(* For every $k \in \mathbb{N}$, there exists a digraph $G_k$ with $\kappa'(G_k) \ge k$ such that $G_k$ contains no subdivision of $\overleftrightarrow{K}_4$.
   Context: Digraphs are finite, loopless, have no parallel arcs, but may contain digons. $\kappa'(D)$ is the strong arc-connectivity: $D$ is strongly $k$-arc-connected if $D-E$ is strongly connected for every set $E$ of at most $k-1$ arcs, and $\kappa'(D)$ is the largest such $k$. $\overleftrightarrow{K}_4$ is the bioriented complete graph on four vertices (both arcs $(u,v),(v,u)$ for every pair of distinct vertices). A subdivision of a digraph $F$ is obtained by replacing each arc $(x,y)$ by a directed $x$-$y$-path, with paths for different arcs internally vertex-disjoint. *)

theory Defs
  imports Main
begin

text \<open>A digraph is a pair (V, A): finite vertex set, arc set A \<subseteq> V \<times> V, loopless.
  Parallel arcs are impossible since A is a set; digons (both (u,v),(v,u)) are allowed.\<close>
definition digraph :: "'a set \<Rightarrow> ('a \<times> 'a) set \<Rightarrow> bool" where
  "digraph V A \<longleftrightarrow> finite V \<and> A \<subseteq> V \<times> V \<and> (\<forall>v. (v, v) \<notin> A)"

definition strongly_connected :: "'a set \<Rightarrow> ('a \<times> 'a) set \<Rightarrow> bool" where
  "strongly_connected V A \<longleftrightarrow> (\<forall>u\<in>V. \<forall>v\<in>V. (u, v) \<in> A\<^sup>*)"

definition strongly_k_arc_connected :: "'a set \<Rightarrow> ('a \<times> 'a) set \<Rightarrow> nat \<Rightarrow> bool" where
  "strongly_k_arc_connected V A k \<longleftrightarrow>
     (\<forall>E. E \<subseteq> A \<and> card E + 1 \<le> k \<longrightarrow> strongly_connected V (A - E))"

definition dpath :: "('a \<times> 'a) set \<Rightarrow> 'a list \<Rightarrow> bool" where
  "dpath A p \<longleftrightarrow> 2 \<le> length p \<and> distinct p \<and> (\<forall>i. i + 1 < length p \<longrightarrow> (p ! i, p ! (i + 1)) \<in> A)"

definition inner :: "'a list \<Rightarrow> 'a list" where
  "inner p = butlast (tl p)"

definition contains_subdivision_biK4 :: "'a set \<Rightarrow> ('a \<times> 'a) set \<Rightarrow> bool" where
  "contains_subdivision_biK4 V A \<longleftrightarrow>
     (\<exists>(b :: nat \<Rightarrow> 'a) (P :: nat \<Rightarrow> nat \<Rightarrow> 'a list).
        inj_on b {..<4} \<and> b ` {..<4} \<subseteq> V \<and>
        (\<forall>i<4. \<forall>j<4. i \<noteq> j \<longrightarrow>
            dpath A (P i j) \<and> hd (P i j) = b i \<and> last (P i j) = b j \<and>
            set (inner (P i j)) \<inter> b ` {..<4} = {}) \<and>
        (\<forall>i<4. \<forall>j<4. \<forall>i'<4. \<forall>j'<4. i \<noteq> j \<and> i' \<noteq> j' \<and> (i, j) \<noteq> (i', j') \<longrightarrow>
            set (inner (P i j)) \<inter> set (inner (P i' j')) = {}))"

end

(*
  G_d has a hub N, an arcless copy of the vertex set of the complete d-ary tree T_d of depth d,
  and for every w a private copy T^w of T_d; inside a tree every vertex points to its children
  and to all its ancestors, so even a leaf has d out-neighbours. Each vertex of T^w points to w,
  and w' points to all of T^w whenever w points to w' in T_d. Every vertex reaches the root of N,
  and is reached from it, along steps that have d arc-disjoint routes, so every cut of G_d
  separating two vertices has d arcs.

  Call g a gate of U if every arc leaving U meets g. If U separates two branch vertices of a
  subdivision of the bioriented K_4, then g is one of them: otherwise g is an inner vertex of the
  path between them and, via the third branch vertex, of a second path. T^w has gate w, and the
  hub subtree at c together with the copies attached to it has gate c.
  If all branch vertices lie in N, the gates at the children of their deepest common ancestor c
  make two of them distinct children of c, and the region of one of these children together with
  T^c has gate c and separates the two. If a branch vertex lies in T^w, then at least three do.
  Split them at a child c' of their deepest common ancestor c: a path from a branch vertex outside
  the subtree of T^w at c' to one inside passes through w or uses the arc from c to c'. Each route
  serves at most one path, so there are at most two such paths, and at most one if w is itself a
  branch vertex. But with p branch vertices outside and q inside there are pq >= p + q - 1 such
  paths, that is at least 3, or at least 2 if the fourth branch vertex is w.
*)
theory Submission
  imports Defs "HOL-Library.Sublist" "HOL-Library.Countable"
begin

definition out_arcs :: "('a \<times> 'a) set \<Rightarrow> 'a set \<Rightarrow> ('a \<times> 'a) set" where
  "out_arcs A S = {e \<in> A. fst e \<in> S \<and> snd e \<notin> S}"

text \<open>The cut form of Menger's condition for k arc-disjoint a-b paths; unlike the path form it
  is obviously transitive.\<close>
definition arc_linked :: "('a \<times> 'a) set \<Rightarrow> nat \<Rightarrow> 'a \<Rightarrow> 'a \<Rightarrow> bool" where
  "arc_linked A k a b \<longleftrightarrow> (\<forall>S. a \<in> S \<longrightarrow> b \<notin> S \<longrightarrow> k \<le> card (out_arcs A S))"

lemma arc_linked_refl: "arc_linked A k a a"
  unfolding arc_linked_def by auto

lemma arc_linked_trans: "arc_linked A k a b \<Longrightarrow> arc_linked A k b c \<Longrightarrow> arc_linked A k a c"
  unfolding arc_linked_def by metis

lemma arc_linked_via_two_paths:
  assumes "finite A" and "\<forall>v. (v, v) \<notin> A" and "inj_on f {..<k}"
    and arcs: "\<And>i. i < k \<Longrightarrow> (a, f i) \<in> A \<and> (f i, b) \<in> A"
  shows "arc_linked A k a b"
  unfolding arc_linked_def
proof (intro allI impI)
  fix S assume "a \<in> S" "b \<notin> S"
  define g where "g i = (if f i \<in> S then (f i, b) else (a, f i))" for i
  have "g ` {..<k} \<subseteq> out_arcs A S"
    using arcs \<open>a \<in> S\<close> \<open>b \<notin> S\<close> by (auto simp: g_def out_arcs_def)
  moreover have "inj_on g {..<k}"
  proof (rule inj_onI)
    fix i j assume "i \<in> {..<k}" "j \<in> {..<k}" "g i = g j"
    moreover have "f i \<noteq> a" "f j \<noteq> a"
      using arcs \<open>i \<in> {..<k}\<close> \<open>j \<in> {..<k}\<close> assms(2) by force+
    ultimately show "i = j"
      using \<open>inj_on f {..<k}\<close> by (auto simp: g_def inj_on_def split: if_splits)
  qed
  ultimately show "k \<le> card (out_arcs A S)"
    using card_inj_on_le[of g "{..<k}"] \<open>finite A\<close> by (simp add: out_arcs_def)
qed

lemma arc_linked_via_in_neighbours:
  assumes "finite A" and "inj_on f {..<k}"
    and arcs: "\<And>i. i < k \<Longrightarrow> (f i, b) \<in> A \<and> arc_linked A k a (f i)"
  shows "arc_linked A k a b"
  unfolding arc_linked_def
proof (intro allI impI)
  fix S assume "a \<in> S" "b \<notin> S"
  show "k \<le> card (out_arcs A S)"
  proof (cases "\<exists>i<k. f i \<notin> S")
    case True
    then show ?thesis using arcs \<open>a \<in> S\<close> unfolding arc_linked_def by blast
  next
    case False
    then have "(\<lambda>i. (f i, b)) ` {..<k} \<subseteq> out_arcs A S"
      using arcs \<open>b \<notin> S\<close> by (auto simp: out_arcs_def)
    moreover have "inj_on (\<lambda>i. (f i, b)) {..<k}"
      using \<open>inj_on f {..<k}\<close> by (auto simp: inj_on_def)
    moreover have "finite (out_arcs A S)" using \<open>finite A\<close> by (simp add: out_arcs_def)
    ultimately show ?thesis using card_inj_on_le by fastforce
  qed
qed

lemma strongly_k_arc_connected_if_arc_linked:
  assumes "finite A" and linked: "\<And>u v. u \<in> V \<Longrightarrow> v \<in> V \<Longrightarrow> arc_linked A k u v"
  shows "strongly_k_arc_connected V A k"
  unfolding strongly_k_arc_connected_def strongly_connected_def
proof (intro allI impI ballI)
  fix E u v assume E: "E \<subseteq> A \<and> card E + 1 \<le> k" and "u \<in> V" "v \<in> V"
  show "(u, v) \<in> (A - E)\<^sup>*"
  proof (rule ccontr)
    assume "(u, v) \<notin> (A - E)\<^sup>*"
    define S where "S = {y. (u, y) \<in> (A - E)\<^sup>*}"
    have "out_arcs A S \<subseteq> E"
    proof (clarsimp simp: out_arcs_def)
      fix x y assume "(x, y) \<in> A" "x \<in> S" "y \<notin> S"
      then show "(x, y) \<in> E"
        unfolding S_def by (metis DiffI mem_Collect_eq rtrancl_into_rtrancl)
    qed
    moreover have "k \<le> card (out_arcs A S)"
    proof -
      have "u \<in> S" "v \<notin> S" using \<open>(u, v) \<notin> (A - E)\<^sup>*\<close> by (simp_all add: S_def)
      then show ?thesis using linked[OF \<open>u \<in> V\<close> \<open>v \<in> V\<close>] unfolding arc_linked_def by blast
    qed
    moreover have "finite E" using E \<open>finite A\<close> by (meson finite_subset)
    ultimately have "k \<le> card E" by (meson card_mono le_trans)
    then show False using E by simp
  qed
qed
(* Let $p\in\mathbb{C}[x,y]$ be a primitive polynomial whose zero locus $p^{-1}(0)$ is isomorphic to $\mathbb{C}$, let $\alpha$ be a polynomial automorphism of $\mathbb{C}^2$ and $q=p\circ\alpha$, and assume that either $q$ is linear or, for some relatively prime integers $k,l\ge2$ and some $n\ge1$, the leading quasi-homogeneous part of $q$ with respect to the weighted degree function determined by $(k,l)$ is $(x^k+y^l)^n$. Let $\pi:\mathbb{C}^2\to\mathbb{C}$, $(x,y)\mapsto x$, let $\Delta_r=\{x\in\mathbb{C}:|x|<r\}$ with closure $\bar\Delta_r$, and let $\delta>0$ and $r>0$ be such that $\pi$ maps $\{(x,y) : \frac{\partial q}{\partial y}(x,y)=0,\ |q(x,y)|<\delta\}$ into $\Delta_r$. Then for every $c\in\mathbb{C}$ with $0<|c|<\delta$, the set $\Gamma_c\cap\pi^{-1}(\mathbb{C}\setminus\bar\Delta_r)$, where $\Gamma_c=q^{-1}(c)$, is a disjoint union of components each biholomorphic to a punctured disc.
   Context: A polynomial $p\in\mathbb{C}[x,y]$ is primitive if it cannot be written as $f\circ g$ with $g\in\mathbb{C}[x,y]$ and $f\in\mathbb{C}[t]$ of degree at least $2$. For a pair $(k,l)$ of relatively prime natural numbers, the weighted degree function $d$ is defined on nonzero $r(x,y)=\sum_{i,j}a_{ij}x^iy^j$ by $d(r)=\max_{(i,j)\in I}(li+kj)$, where $I=\{(i,j)\in\mathbb{Z}_{\ge0}^2 : a_{ij}\neq 0\}$; with $\hat I=\{(i,j)\in I : li+kj=d(r)\}$, the leading quasi-homogeneous part of $r$ is $\hat r(x,y)=\sum_{(i,j)\in\hat I}a_{ij}x^iy^j$. *)

theory Defs
  imports "HOL-Complex_Analysis.Complex_Analysis" "HOL-Computational_Algebra.Polynomial"
begin

text \<open>Bivariate polynomials in C[x,y] are represented as complex poly poly:
  the outer variable is y, the coefficients are polynomials in x.
  The coefficient a_ij of x^i y^j of r is coeff (coeff r j) i.\<close>

type_synonym bpoly = "complex poly poly"

definition beval :: "bpoly \<Rightarrow> complex \<Rightarrow> complex \<Rightarrow> complex" where
  "beval r x y = poly (poly r [:y:]) x"

definition bcoeff :: "bpoly \<Rightarrow> nat \<Rightarrow> nat \<Rightarrow> complex" where
  "bcoeff r i j = coeff (coeff r j) i"

definition bX :: bpoly where "bX = [:[:0, 1:]:]"
definition bY :: bpoly where "bY = [:0, 1:]"

definition bconst :: "complex \<Rightarrow> bpoly" where "bconst c = [:[:c:]:]"

definition ucomp :: "complex poly \<Rightarrow> bpoly \<Rightarrow> bpoly" where
  "ucomp f g = poly (map_poly bconst f) g"

definition primitive :: "bpoly \<Rightarrow> bool" where
  "primitive p \<longleftrightarrow> \<not> (\<exists>f g. degree f \<ge> 2 \<and> p = ucomp f g)"

definition zero_locus_iso_C :: "bpoly \<Rightarrow> bool" where
  "zero_locus_iso_C p \<longleftrightarrow>
     (\<exists>\<phi>1 \<phi>2 :: complex poly. \<exists>\<psi> :: bpoly.
        (\<lambda>t. (poly \<phi>1 t, poly \<phi>2 t)) ` UNIV = {(x, y). beval p x y = 0} \<and>
        (\<forall>t. beval \<psi> (poly \<phi>1 t) (poly \<phi>2 t) = t) \<and>
        (\<forall>x y. beval p x y = 0 \<longrightarrow>
            poly \<phi>1 (beval \<psi> x y) = x \<and> poly \<phi>2 (beval \<psi> x y) = y))"

definition bmap :: "bpoly \<times> bpoly \<Rightarrow> complex \<times> complex \<Rightarrow> complex \<times> complex" where
  "bmap a z = (beval (fst a) (fst z) (snd z), beval (snd a) (fst z) (snd z))"

definition poly_automorphism :: "bpoly \<times> bpoly \<Rightarrow> bool" where
  "poly_automorphism a \<longleftrightarrow>
     (\<exists>b. (\<forall>z. bmap b (bmap a z) = z) \<and> (\<forall>z. bmap a (bmap b z) = z))"

definition blinear :: "bpoly \<Rightarrow> bool" where
  "blinear r \<longleftrightarrow> (\<forall>i j. i + j \<ge> 2 \<longrightarrow> bcoeff r i j = 0)"

definition wdeg :: "nat \<Rightarrow> nat \<Rightarrow> bpoly \<Rightarrow> nat" where
  "wdeg k l r = Max {l * i + k * j | i j. bcoeff r i j \<noteq> 0}"

definition lqh_coeff :: "nat \<Rightarrow> nat \<Rightarrow> bpoly \<Rightarrow> nat \<Rightarrow> nat \<Rightarrow> complex" where
  "lqh_coeff k l r i j = (if l * i + k * j = wdeg k l r then bcoeff r i j else 0)"

definition lqh_part_is :: "nat \<Rightarrow> nat \<Rightarrow> bpoly \<Rightarrow> bpoly \<Rightarrow> bool" where
  "lqh_part_is k l r s \<longleftrightarrow> (\<forall>i j. lqh_coeff k l r i j = bcoeff s i j)"

text \<open>Biholomorphism from the punctured unit disc onto a set S in C^2
  (S a smooth complex curve): a holomorphic immersion which is a homeomorphism onto S.\<close>
definition biholo_punctured_disc :: "(complex \<times> complex) set \<Rightarrow> bool" where
  "biholo_punctured_disc S \<longleftrightarrow>
     (\<exists>f g. homeomorphism (ball 0 1 - {0}) S f g \<and>
        (\<lambda>z. fst (f z)) holomorphic_on (ball 0 1 - {0}) \<and>
        (\<lambda>z. snd (f z)) holomorphic_on (ball 0 1 - {0}) \<and>
        (\<forall>z \<in> ball 0 1 - {0}. deriv (\<lambda>w. fst (f w)) z \<noteq> 0 \<or> deriv (\<lambda>w. snd (f w)) z \<noteq> 0))"

end

theory Submission
  imports Defs "HOL-Computational_Algebra.Fundamental_Theorem_Algebra"
begin

text \<open>Subtracting c, the polynomial Q = q - c has constant leading coefficient as a polynomial in y
  (both for linear q and for the quasi-homogeneous normal form), and by the choice of \<delta> and r its
  roots in y over E = {|x| > r} are all simple. So the first projection makes the part S of the
  zero set of Q over E a covering of E with N sheets. Lifting exp from the half-plane
  Re u > ln r through this covering gives a map g onto a whole component of S; g has a least period
  2 \<pi> i m, so t \<mapsto> g (ln r - m log t) is a homeomorphism from the punctured unit disc onto the
  component. Its first coordinate is r / t^m, and its second one is holomorphic by implicit
  differentiation, since Q has nonzero y-derivative on S.\<close>

section \<open>Bivariate polynomials\<close>

definition yslice :: "bpoly \<Rightarrow> complex \<Rightarrow> complex poly" where
  "yslice Q x = map_poly (\<lambda>c. poly c x) Q"

lemma coeff_yslice: "coeff (yslice Q x) j = poly (coeff Q j) x"
  by (simp add: yslice_def coeff_map_poly)

lemma beval_yslice: "beval Q x y = poly (yslice Q x) y"
  by (induction Q rule: pCons_induct) (simp_all add: beval_def yslice_def map_poly_pCons)

lemma yslice_pderiv: "yslice (pderiv Q) x = pderiv (yslice Q x)"
  by (rule poly_eqI) (simp add: coeff_yslice coeff_pderiv)

lemma beval_eq_sum: "beval Q x y = (\<Sum>j\<le>degree Q. poly (coeff Q j) x * y ^ j)"
proof -
  have "degree (yslice Q x) \<le> degree Q" by (simp add: yslice_def map_poly_degree_leq)
  then have "poly (yslice Q x) y = (\<Sum>j\<le>degree Q. coeff (yslice Q x) j * y ^ j)"
    unfolding poly_altdef by (intro sum.mono_neutral_left) (auto simp: coeff_eq_0)
  then show ?thesis by (simp add: beval_yslice coeff_yslice)
qed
+===+
Find the line with "(\<Sum>j\<le>degree Q. coeff" in the data above. Restate it and all later lines word for word, ending with the last line.

Exercise output:
  then have "poly (yslice Q x) y = (\<Sum>j\<le>degree Q. coeff (yslice Q x) j * y ^ j)"
    unfolding poly_altdef by (intro sum.mono_neutral_left) (auto simp: coeff_eq_0)
  then show ?thesis by (simp add: beval_yslice coeff_yslice)
qed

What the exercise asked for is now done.